Last time, we built the new side wall for the entryway and the new top stair/drawer. The next “step” was to start covering the side walls in diamond plate. We made very careful measurements (1 sheet of the diamond plate cost about $180.00) and then made a template out of cardboard. We were extremely glad that we made the cardboard template first. Even with detailed measurements, the angles of the steps weren’t perfect 90s. After using our digital t-bevel to measure the angles, we made a couple adjustments on our template and set to work cutting the sheet of diamond plate.
We cut the metal with a 60-tooth carbide blade on the circular saw. Juan set it to a shallow depth and covered the base plate of the saw with duct tape. We didn’t want to take any chance of scratching the diamond plate.
Next, we placed the metal on top of a sheet of foam, traced our template, and carefully cut out the first wall piece.
It fit perfectly. Phew - so glad we didn’t mess that up.
By the way, cutting metal is loud and painful. Shards of aluminum fly everywhere. We really should have been wearing long sleeves, but it was about 105 degrees out when we did this.
We followed the same process for the other side piece, except this time we had to deal with the curve of the door. After making a 90-degree angle in the metal using an inexpensive metal brake, Juan cut along the seam part-way up from the bottom, allowing the metal to curve into the right shape to trim out the door.
Then we had to decide how we wanted to attach the diamond plate panels to the walls. We considered riveting, but we really just wanted to leave the diamond plate as is. So, we decided to glue it down with liquid nails. We clamped where we could and braced it where it couldn’t be clamped. After a couple of hours, it was set.
The next “step” was to build a new stair replacing the one we cut out previously that had been in such bad shape. Our plan for this one was to create even more storage. Cramming six people in a couple hundred square feet requires creative storage solutions. This step was the perfect place to create a “shoe box”.

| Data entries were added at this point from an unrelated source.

lemma exists_induced_path_through:
  assumes sym: "symp E" and irr: "irreflp E" and "connected_in E X"
    and "x \<in> X" "E x a" "y \<in> X" "E y b" and "a \<noteq> b" "\<not> E a b"
  obtains q where "induced_path E (X \<union> {a, b}) q" "hd q = b" "last q = a" "3 \<le> length q"
    "\<And>l. 0 < l \<Longrightarrow> l < length q - 1 \<Longrightarrow> q!l \<in> X"
proof -
  let ?T = "X \<union> {a, b}"
  have "reach_in E ?T b y" "reach_in E ?T x a"
    using assms(4-7) sym by (auto intro: reach_in_edge dest: sympD)
  moreover have "reach_in E ?T y x"
    using assms(3,4,6) unfolding connected_in_def by (blast intro: reach_in_mono)
  ultimately have "reach_in E ?T b a" by (blast intro: reach_in_trans)
  then obtain q where q: "induced_path E ?T q" "hd q = b" "last q = a"
    using reach_in_imp_induced_path[OF sym irr] by blast
  then have "walk E ?T q" "q \<noteq> []" "distinct q" unfolding induced_path_def walk_def by auto
  have "\<not> E b a" using \<open>\<not> E a b\<close> sympD[OF sym] by blast
  then have "3 \<le> length q" using walk_length_ge_3[OF \<open>walk E ?T q\<close>] q \<open>a \<noteq> b\<close> by simp
  moreover have "q!l \<in> X" if "0 < l" "l < length q - 1" for l
  proof -
    have "q!l \<in> set q" using that by simp
    then have "q!l \<in> ?T" using q(1) unfolding induced_path_def walk_def by blast
    moreover have "q!l \<noteq> q!0" "q!l \<noteq> q!(length q - 1)"
      using that \<open>distinct q\<close> \<open>q \<noteq> []\<close> by (simp_all add: nth_eq_iff_index_eq)
    then have "q!l \<noteq> b" "q!l \<noteq> a"
      using q \<open>q \<noteq> []\<close> by (simp_all add: hd_conv_nth last_conv_nth)
    ultimately show ?thesis by auto
  qed
  ultimately show thesis using that q by blast
qed


lemma chordal_reach_in_nbhd:
  assumes g: "graph V E" and chordal: "chordal V E" and "X \<subseteq> V" and X: "connected_in E X"
    and "u \<in> nbhd V E X" "w \<in> nbhd V E X" "reach_in E (V - X) u w"
  shows "reach_in E (nbhd V E X) u w"
proof (rule ccontr)
  let ?N = "nbhd V E X"
  have sym: "symp E" and irr: "irreflp E" using g by (simp_all add: graph_symp graph_irreflp)
  have N_sub: "?N \<subseteq> V - X" unfolding nbhd_def by auto
  assume "\<not> reach_in E ?N u w"
  then obtain p where p: "induced_path E (V - X) p" and ends: "hd p \<in> ?N" "last p \<in> ?N"
    and apart: "\<not> reach_in E ?N (hd p) (last p)" and p_length: "3 \<le> length p"
    and p_interior: "\<And>i. 0 < i \<Longrightarrow> i < length p - 1 \<Longrightarrow> p!i \<notin> ?N"
    using exists_chordless_detour[OF sym irr N_sub assms(5-7)] by blast
  obtain x y where xy: "x \<in> X" "E x (hd p)" "y \<in> X" "E y (last p)"
    using ends unfolding nbhd_def by auto
  have "hd p \<noteq> last p" using apart by auto
  moreover have "\<not> E (hd p) (last p)" using apart ends reach_in_edge[of E "hd p" "last p" ?N] by blast
  ultimately obtain q where q: "induced_path E (X \<union> {hd p, last p}) q"
    and q_ends: "hd q = last p" "last q = hd p" and q_length: "3 \<le> length q"
    and q_interior: "\<And>l. 0 < l \<Longrightarrow> l < length q - 1 \<Longrightarrow> q!l \<in> X"
    using exists_induced_path_through[OF sym irr X xy] by blast
  have p_set: "set p \<subseteq> V - X" using p unfolding induced_path_def walk_def by simp
  interpret glued_induced_paths V E p q
  proof
    show "induced_path E V p" using p induced_path_mono by blast
    show "induced_path E V q" using q induced_path_mono ends N_sub \<open>X \<subseteq> V\<close> by blast
    show "\<And>l. 0 < l \<Longrightarrow> l < length q - 1 \<Longrightarrow> q!l \<notin> set p"
      using q_interior p_set by blast
    show "\<not> E (p!i) (q!l)" if "0 < i" "i < length p - 1" "0 < l" "l < length q - 1" for i l
    proof
      assume "E (p!i) (q!l)"
      then have "E (q!l) (p!i)" by (rule sympD[OF sym])
      moreover have "p!i \<in> V - X" using p_set that by (simp add: subset_iff)
      ultimately have "p!i \<in> ?N" using q_interior[of l] that unfolding nbhd_def by blast
      then show False using p_interior that by blast
    qed
  qed (simp_all add: sym irr p_length q_length q_ends)
  show False using induced_cycle chordal unfolding chordal_def by blast
qed

lemma reach_in_exit:
  assumes "reach_in E T t v" and "t \<in> T - X" and "v \<in> X"
  shows "\<exists>s \<in> T - X. reach_in E (T - X) t s \<and> (\<exists>x \<in> X. E s x)"
proof -
  have "(\<exists>s \<in> T - X. reach_in E (T - X) t s \<and> (\<exists>x \<in> X. E s x)) \<or> reach_in E (T - X) t v"
    using assms(1) unfolding reach_in_def
  proof (induction rule: rtranclp_induct)
    case (step y z)
    then show ?case
      using reach_in_in_set[of E "T - X" t y] assms(2)
      by (cases "z \<in> X") (auto simp: reach_in_def intro: rtranclp.rtrancl_into_rtrancl)
  qed simp
  then show ?thesis using assms(3) reach_in_in_set[of E "T - X" t v] assms(2) by blast
qed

First, we needed to add more angle iron to the sides to create a lip for the top of the step (lid of the box) to rest on. Then we had to cut and screw down the front riser for the step. Again, nothing in this bus is actually square. So, we had to find the exact angles of the corners. One was something like 90.6 degrees and another angle was like 89.4 degrees. Even such small amounts of being off from square made a big difference in how it fits. Details, details.
Finally, it was time to finish this step by building the lid and attaching hinges. We used our Kreg Concealed Hinge Jig which made it very easy.
We used full overlay hinges. These allow the lid to pull slightly forward and then open all the way up. This step/shoe box should be able to fit a pair of shoes for each of us.
The last “step” for Part 2 was to cover the risers of two of the three steps with the diamond plate. We finished that up and called it good for now.
The face of our top step/drawer will have to wait until after we install the treads. The treads will be the same as our flooring throughout the rest of the bus, most likely laminate, and that will be one of the final projects we do. But, for now, we at least have functional, safe stairs. We know that the storage of the box and the drawer will be a life-saver for keeping shoes corralled. And, one day all the “pretty” will be finished. So, we’ll call this project ⅔ done.